• Aim of the task
The answer must consist of every line from the data that holds the string "mpoly".

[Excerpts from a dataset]
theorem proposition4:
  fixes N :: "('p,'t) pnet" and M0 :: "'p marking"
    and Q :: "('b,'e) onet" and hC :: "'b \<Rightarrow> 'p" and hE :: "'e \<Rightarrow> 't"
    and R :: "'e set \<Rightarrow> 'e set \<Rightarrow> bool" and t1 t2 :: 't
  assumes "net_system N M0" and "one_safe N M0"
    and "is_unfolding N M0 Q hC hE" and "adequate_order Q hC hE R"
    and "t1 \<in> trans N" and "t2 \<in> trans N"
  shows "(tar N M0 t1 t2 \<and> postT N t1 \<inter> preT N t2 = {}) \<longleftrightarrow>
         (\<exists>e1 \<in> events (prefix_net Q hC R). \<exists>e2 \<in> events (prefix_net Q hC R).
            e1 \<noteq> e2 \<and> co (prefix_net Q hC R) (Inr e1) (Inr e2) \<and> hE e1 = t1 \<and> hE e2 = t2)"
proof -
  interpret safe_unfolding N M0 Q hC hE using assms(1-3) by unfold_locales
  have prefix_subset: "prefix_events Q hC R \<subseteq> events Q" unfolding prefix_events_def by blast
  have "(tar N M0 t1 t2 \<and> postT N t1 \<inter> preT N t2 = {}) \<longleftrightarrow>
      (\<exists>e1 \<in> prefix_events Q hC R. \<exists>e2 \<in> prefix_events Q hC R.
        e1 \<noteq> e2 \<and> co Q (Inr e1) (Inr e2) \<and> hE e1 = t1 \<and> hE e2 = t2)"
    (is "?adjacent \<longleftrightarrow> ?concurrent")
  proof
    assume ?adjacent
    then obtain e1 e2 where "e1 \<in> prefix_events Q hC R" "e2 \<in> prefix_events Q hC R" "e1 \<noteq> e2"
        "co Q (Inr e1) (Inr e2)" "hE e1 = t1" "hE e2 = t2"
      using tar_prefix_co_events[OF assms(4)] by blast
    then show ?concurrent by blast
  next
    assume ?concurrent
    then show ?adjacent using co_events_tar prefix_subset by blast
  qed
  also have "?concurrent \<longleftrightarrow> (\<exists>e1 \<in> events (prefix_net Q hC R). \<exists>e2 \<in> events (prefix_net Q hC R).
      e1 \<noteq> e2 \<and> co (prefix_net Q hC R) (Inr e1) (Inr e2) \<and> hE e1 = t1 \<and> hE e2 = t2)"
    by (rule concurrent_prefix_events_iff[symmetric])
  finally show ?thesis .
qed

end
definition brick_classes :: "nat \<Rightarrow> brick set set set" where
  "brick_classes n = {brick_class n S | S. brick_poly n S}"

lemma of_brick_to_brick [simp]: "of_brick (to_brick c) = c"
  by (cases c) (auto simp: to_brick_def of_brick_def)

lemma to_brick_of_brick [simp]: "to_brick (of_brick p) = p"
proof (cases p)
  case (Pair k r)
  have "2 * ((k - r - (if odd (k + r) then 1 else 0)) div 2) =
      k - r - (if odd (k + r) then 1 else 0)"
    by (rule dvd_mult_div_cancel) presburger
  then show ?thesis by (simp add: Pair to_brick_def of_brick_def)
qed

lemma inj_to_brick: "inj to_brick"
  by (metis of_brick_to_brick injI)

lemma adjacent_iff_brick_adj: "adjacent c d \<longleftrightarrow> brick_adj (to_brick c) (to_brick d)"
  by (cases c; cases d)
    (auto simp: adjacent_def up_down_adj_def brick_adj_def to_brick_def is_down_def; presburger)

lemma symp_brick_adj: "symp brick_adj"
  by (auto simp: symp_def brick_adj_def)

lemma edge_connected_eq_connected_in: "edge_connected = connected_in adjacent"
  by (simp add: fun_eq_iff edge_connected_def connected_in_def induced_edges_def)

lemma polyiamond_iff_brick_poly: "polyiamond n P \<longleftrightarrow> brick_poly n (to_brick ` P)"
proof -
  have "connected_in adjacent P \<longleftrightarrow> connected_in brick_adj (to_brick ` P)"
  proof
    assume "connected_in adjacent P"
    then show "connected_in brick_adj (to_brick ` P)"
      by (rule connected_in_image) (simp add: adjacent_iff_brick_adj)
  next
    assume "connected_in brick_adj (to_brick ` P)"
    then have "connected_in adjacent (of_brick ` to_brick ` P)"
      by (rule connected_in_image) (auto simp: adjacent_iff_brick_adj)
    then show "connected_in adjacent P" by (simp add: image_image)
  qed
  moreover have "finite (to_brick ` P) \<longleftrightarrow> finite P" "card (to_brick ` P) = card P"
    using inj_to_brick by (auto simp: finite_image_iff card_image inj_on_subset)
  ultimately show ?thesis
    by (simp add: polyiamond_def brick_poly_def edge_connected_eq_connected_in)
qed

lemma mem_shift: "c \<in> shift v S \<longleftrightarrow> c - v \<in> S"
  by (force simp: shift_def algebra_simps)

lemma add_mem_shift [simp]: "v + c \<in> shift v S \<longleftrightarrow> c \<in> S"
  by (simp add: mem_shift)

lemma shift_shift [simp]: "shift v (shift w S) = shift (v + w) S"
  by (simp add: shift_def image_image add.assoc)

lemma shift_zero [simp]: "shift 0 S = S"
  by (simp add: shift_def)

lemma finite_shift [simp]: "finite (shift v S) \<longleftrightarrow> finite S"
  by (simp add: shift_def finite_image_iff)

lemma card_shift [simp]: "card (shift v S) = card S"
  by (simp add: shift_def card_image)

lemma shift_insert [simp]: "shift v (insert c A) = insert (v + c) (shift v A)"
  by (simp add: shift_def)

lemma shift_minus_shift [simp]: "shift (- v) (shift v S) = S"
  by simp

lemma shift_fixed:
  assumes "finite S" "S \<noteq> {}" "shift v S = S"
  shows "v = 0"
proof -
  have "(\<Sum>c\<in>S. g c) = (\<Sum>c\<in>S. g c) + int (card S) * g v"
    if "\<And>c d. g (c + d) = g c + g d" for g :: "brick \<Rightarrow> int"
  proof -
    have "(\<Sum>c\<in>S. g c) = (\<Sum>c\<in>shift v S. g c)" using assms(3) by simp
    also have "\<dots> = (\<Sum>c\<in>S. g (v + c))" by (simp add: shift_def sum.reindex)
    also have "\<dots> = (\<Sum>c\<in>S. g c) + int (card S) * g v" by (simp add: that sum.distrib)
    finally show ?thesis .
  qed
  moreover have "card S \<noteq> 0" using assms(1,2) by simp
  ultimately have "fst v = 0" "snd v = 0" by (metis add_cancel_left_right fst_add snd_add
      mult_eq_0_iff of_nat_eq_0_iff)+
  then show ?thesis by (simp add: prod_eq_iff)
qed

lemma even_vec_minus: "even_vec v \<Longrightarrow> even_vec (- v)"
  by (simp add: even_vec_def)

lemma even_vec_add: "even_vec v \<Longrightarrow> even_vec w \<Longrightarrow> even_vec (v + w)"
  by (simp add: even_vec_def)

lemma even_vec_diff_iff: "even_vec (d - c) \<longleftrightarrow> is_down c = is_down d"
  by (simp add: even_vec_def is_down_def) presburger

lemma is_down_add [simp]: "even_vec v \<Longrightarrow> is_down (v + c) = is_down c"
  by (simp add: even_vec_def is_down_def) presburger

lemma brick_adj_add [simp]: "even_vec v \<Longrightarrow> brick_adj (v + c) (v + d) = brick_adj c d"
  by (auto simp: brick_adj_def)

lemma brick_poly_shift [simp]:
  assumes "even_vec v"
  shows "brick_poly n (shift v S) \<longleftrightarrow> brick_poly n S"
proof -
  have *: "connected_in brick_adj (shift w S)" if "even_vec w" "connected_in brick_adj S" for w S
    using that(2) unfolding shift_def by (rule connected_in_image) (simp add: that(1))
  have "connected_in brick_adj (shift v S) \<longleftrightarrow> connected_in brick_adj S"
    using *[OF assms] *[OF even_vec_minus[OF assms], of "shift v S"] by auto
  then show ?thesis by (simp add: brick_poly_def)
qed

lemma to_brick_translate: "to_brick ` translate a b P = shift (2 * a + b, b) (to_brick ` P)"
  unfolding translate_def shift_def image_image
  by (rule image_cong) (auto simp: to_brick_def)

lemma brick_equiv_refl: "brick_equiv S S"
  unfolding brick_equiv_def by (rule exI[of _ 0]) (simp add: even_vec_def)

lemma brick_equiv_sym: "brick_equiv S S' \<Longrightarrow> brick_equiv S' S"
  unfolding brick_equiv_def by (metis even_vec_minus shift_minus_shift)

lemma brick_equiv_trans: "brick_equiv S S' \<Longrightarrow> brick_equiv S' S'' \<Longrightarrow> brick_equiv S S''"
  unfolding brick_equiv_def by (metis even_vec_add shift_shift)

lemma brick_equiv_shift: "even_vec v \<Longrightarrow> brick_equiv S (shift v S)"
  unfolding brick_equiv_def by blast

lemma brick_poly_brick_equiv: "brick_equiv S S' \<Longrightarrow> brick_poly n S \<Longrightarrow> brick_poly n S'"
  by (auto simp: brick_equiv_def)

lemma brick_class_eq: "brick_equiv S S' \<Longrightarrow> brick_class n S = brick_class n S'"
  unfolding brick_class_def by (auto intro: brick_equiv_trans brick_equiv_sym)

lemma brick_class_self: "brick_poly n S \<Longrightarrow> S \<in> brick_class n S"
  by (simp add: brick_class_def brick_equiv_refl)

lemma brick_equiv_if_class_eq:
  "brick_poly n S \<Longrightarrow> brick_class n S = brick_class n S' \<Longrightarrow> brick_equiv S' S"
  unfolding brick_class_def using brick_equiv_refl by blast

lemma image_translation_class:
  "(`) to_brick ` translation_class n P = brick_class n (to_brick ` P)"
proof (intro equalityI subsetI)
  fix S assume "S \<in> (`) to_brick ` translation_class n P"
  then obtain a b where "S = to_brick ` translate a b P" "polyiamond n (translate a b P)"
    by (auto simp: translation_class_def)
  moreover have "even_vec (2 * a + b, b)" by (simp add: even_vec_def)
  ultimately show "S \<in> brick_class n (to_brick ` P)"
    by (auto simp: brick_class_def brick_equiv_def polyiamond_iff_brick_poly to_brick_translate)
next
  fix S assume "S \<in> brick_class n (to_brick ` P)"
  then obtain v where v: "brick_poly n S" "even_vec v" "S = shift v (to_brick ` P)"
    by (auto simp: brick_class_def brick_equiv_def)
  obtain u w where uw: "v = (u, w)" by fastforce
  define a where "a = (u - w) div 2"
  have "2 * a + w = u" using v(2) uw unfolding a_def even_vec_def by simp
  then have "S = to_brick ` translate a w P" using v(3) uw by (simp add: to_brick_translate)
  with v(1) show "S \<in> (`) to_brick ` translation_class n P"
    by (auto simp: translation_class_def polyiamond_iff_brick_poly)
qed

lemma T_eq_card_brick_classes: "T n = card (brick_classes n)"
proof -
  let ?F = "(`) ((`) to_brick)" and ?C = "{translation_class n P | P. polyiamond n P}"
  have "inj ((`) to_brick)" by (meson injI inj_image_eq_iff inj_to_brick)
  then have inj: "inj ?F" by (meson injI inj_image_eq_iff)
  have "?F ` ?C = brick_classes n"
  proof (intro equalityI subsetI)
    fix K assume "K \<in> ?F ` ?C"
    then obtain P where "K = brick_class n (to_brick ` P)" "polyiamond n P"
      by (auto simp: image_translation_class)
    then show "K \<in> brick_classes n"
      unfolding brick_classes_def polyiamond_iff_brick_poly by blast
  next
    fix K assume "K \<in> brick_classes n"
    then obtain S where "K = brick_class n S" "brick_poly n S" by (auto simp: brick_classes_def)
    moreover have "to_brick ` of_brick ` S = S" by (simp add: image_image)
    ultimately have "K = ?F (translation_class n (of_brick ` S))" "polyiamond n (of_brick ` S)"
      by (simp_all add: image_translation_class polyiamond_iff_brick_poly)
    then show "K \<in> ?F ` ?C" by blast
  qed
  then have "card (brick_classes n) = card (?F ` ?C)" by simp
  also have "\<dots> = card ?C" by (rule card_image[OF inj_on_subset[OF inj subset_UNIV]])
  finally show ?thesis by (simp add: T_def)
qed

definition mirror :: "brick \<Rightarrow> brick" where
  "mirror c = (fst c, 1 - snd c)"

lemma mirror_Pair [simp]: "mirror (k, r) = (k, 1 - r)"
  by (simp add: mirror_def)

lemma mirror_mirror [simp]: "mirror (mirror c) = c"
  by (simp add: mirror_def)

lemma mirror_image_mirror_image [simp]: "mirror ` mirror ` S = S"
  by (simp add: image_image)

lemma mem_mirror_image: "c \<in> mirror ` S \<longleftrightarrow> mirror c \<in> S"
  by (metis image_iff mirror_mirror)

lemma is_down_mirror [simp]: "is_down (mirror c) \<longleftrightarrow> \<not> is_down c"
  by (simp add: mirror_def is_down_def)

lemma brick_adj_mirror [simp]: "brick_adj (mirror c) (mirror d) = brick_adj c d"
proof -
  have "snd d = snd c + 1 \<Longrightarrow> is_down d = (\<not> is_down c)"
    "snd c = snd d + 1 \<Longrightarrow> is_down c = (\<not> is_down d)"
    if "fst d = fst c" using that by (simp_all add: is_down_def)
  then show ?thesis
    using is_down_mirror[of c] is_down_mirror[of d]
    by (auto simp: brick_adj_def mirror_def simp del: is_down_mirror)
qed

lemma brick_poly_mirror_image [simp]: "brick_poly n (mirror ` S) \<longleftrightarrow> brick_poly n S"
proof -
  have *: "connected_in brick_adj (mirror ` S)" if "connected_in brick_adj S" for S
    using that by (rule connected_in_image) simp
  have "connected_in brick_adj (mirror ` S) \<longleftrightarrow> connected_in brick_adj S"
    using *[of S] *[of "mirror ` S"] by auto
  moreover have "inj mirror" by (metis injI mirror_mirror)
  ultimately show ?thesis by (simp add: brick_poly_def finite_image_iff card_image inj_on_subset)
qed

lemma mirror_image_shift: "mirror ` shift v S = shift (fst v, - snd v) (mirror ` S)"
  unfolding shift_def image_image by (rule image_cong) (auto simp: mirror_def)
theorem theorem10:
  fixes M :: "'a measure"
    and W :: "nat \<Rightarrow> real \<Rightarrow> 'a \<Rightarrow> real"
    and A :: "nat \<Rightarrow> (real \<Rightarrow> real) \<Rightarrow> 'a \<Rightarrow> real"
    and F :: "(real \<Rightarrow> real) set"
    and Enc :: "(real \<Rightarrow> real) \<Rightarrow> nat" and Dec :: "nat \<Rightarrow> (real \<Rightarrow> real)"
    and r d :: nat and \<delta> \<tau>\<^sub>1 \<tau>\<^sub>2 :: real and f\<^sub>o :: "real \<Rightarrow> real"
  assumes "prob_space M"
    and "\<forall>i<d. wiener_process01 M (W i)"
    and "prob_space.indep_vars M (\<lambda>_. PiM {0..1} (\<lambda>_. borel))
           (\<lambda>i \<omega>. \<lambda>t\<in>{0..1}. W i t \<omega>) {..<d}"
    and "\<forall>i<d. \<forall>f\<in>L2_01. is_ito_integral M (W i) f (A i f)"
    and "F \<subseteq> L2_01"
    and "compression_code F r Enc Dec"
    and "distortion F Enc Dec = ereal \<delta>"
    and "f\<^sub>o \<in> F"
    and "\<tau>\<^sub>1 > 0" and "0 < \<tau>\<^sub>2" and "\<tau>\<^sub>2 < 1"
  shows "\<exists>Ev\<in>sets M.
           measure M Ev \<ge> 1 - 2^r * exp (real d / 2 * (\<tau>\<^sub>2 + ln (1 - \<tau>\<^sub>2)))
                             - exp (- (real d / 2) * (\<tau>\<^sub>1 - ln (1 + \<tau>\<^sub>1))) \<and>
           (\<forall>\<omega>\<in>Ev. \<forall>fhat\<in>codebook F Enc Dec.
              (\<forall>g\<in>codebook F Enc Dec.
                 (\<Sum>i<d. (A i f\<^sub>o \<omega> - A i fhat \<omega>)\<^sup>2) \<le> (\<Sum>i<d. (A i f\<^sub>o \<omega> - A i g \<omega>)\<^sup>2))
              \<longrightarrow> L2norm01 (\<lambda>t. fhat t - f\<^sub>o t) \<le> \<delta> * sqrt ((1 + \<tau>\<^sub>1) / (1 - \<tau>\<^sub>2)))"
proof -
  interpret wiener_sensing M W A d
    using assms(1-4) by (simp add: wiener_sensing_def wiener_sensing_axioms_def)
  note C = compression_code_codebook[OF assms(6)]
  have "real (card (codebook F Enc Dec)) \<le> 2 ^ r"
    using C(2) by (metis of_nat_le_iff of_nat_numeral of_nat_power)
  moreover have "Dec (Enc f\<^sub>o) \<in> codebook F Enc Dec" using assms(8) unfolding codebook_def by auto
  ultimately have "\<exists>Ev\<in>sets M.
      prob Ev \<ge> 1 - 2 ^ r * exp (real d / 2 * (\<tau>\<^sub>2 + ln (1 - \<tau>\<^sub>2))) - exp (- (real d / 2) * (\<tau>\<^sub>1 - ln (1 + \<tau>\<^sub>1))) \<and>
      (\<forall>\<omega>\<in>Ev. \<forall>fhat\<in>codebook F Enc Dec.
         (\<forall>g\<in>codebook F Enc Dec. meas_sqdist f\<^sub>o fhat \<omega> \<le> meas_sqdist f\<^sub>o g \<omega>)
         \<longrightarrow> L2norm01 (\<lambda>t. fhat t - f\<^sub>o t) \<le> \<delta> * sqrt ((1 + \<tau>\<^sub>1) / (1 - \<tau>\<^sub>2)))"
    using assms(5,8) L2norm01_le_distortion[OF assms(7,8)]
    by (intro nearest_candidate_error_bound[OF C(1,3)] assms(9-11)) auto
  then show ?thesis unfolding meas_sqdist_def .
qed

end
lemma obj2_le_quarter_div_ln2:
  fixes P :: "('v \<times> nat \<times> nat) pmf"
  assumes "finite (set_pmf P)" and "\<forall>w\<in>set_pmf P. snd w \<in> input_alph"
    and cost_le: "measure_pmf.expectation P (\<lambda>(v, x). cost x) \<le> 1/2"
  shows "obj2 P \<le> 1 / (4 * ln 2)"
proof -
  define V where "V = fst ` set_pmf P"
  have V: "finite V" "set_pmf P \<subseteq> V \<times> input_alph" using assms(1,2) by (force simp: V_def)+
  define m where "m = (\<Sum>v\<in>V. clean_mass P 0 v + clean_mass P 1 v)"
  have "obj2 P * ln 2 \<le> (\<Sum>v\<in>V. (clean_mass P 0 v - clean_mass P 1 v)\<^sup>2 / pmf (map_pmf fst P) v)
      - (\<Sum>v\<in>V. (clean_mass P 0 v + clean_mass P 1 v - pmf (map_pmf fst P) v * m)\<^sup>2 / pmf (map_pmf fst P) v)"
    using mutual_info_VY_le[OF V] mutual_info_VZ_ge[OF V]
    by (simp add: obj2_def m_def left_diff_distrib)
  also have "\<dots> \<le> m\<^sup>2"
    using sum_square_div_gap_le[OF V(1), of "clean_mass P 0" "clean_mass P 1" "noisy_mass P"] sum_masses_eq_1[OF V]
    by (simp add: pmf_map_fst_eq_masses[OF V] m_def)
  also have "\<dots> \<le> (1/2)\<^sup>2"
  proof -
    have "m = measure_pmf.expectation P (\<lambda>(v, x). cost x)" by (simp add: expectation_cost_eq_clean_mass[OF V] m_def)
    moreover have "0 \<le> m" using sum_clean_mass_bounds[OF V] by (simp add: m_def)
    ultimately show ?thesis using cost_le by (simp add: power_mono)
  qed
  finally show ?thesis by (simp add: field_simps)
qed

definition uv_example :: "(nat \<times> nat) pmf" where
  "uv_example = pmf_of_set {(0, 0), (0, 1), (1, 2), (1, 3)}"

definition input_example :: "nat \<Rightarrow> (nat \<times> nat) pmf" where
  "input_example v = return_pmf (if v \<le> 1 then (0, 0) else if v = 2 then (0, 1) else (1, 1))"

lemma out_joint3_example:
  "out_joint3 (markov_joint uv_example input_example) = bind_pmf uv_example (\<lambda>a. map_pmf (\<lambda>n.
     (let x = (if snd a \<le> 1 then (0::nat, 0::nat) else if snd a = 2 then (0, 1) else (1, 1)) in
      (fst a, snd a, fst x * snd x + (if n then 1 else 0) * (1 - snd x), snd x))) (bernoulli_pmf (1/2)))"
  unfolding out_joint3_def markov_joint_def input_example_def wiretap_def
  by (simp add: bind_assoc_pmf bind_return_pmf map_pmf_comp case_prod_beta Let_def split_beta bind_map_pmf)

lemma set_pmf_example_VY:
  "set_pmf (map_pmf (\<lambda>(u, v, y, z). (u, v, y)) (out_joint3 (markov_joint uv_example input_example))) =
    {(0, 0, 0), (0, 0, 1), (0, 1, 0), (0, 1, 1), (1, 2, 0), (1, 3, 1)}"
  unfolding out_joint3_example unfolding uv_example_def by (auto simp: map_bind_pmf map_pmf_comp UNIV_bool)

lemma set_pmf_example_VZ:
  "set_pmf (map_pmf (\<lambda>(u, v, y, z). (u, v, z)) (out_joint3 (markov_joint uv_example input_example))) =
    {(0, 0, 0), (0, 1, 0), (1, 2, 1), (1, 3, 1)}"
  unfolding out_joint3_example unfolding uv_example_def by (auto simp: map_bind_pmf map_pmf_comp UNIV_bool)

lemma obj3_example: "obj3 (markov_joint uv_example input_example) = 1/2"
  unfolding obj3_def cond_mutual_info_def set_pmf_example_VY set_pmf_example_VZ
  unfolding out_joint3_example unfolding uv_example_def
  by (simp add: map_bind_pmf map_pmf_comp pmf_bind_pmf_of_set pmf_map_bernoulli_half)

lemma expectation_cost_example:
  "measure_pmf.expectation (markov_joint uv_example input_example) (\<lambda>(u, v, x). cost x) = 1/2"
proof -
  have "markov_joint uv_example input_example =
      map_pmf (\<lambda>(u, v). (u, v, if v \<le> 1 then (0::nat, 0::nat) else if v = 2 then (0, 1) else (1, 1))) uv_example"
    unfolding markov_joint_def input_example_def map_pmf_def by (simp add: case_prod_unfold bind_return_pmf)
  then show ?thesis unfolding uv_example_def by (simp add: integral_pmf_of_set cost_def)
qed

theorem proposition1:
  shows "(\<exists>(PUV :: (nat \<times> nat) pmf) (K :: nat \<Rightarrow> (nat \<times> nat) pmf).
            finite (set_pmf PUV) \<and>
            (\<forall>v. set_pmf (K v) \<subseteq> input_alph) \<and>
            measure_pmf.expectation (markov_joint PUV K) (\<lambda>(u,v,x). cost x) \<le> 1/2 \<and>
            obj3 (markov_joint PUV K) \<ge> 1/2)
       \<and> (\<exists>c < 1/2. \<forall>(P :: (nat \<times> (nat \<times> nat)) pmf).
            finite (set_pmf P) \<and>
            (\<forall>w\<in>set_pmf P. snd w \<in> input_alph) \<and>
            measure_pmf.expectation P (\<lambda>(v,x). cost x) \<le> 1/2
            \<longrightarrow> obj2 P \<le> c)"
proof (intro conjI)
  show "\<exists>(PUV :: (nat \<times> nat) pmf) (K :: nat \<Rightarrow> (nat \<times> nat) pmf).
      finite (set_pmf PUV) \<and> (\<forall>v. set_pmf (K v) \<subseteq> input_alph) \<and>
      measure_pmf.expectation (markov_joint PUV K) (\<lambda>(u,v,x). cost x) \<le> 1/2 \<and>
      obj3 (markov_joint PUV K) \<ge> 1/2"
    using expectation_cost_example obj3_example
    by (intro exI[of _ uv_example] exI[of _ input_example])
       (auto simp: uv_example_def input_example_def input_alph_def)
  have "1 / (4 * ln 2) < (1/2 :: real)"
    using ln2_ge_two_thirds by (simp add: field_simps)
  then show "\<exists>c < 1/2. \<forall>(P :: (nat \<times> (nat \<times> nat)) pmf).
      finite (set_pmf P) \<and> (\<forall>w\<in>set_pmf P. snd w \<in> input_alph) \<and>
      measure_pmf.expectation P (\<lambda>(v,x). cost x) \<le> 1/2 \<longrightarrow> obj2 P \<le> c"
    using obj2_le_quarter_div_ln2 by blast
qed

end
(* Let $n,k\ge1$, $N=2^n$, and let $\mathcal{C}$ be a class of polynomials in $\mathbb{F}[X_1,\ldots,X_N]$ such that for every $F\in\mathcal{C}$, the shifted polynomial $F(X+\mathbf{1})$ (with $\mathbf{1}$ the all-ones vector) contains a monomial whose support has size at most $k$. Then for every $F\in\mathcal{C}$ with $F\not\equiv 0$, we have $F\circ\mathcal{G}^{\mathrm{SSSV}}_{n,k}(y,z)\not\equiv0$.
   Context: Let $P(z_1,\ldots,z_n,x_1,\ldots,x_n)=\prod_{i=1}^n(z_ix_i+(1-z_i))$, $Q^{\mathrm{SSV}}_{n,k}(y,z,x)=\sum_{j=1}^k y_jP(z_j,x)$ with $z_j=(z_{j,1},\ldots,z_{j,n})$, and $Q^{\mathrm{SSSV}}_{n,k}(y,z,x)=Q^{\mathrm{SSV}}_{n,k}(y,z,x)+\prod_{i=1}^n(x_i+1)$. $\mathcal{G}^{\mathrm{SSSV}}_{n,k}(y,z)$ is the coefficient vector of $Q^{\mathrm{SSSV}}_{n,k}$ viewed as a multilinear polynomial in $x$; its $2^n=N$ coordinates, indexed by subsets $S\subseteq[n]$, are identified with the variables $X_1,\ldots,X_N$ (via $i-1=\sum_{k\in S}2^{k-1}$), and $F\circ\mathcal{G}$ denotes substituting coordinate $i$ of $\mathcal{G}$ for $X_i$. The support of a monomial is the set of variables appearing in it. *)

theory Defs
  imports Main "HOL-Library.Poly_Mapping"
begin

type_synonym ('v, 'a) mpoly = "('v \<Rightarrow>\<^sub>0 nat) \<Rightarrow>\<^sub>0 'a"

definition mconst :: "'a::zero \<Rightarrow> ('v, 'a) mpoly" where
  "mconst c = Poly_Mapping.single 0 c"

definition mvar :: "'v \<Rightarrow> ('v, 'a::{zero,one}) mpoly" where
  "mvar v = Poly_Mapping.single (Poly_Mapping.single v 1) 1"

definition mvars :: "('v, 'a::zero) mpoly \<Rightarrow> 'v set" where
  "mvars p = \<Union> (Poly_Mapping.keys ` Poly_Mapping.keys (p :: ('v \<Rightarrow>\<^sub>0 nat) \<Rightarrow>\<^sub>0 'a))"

• Written reply
type_synonym ('v, 'a) mpoly = "('v \<Rightarrow>\<^sub>0 nat) \<Rightarrow>\<^sub>0 'a"
definition mconst :: "'a::zero \<Rightarrow> ('v, 'a) mpoly" where
definition mvar :: "'v \<Rightarrow> ('v, 'a::{zero,one}) mpoly" where
definition mvars :: "('v, 'a::zero) mpoly \<Rightarrow> 'v set" where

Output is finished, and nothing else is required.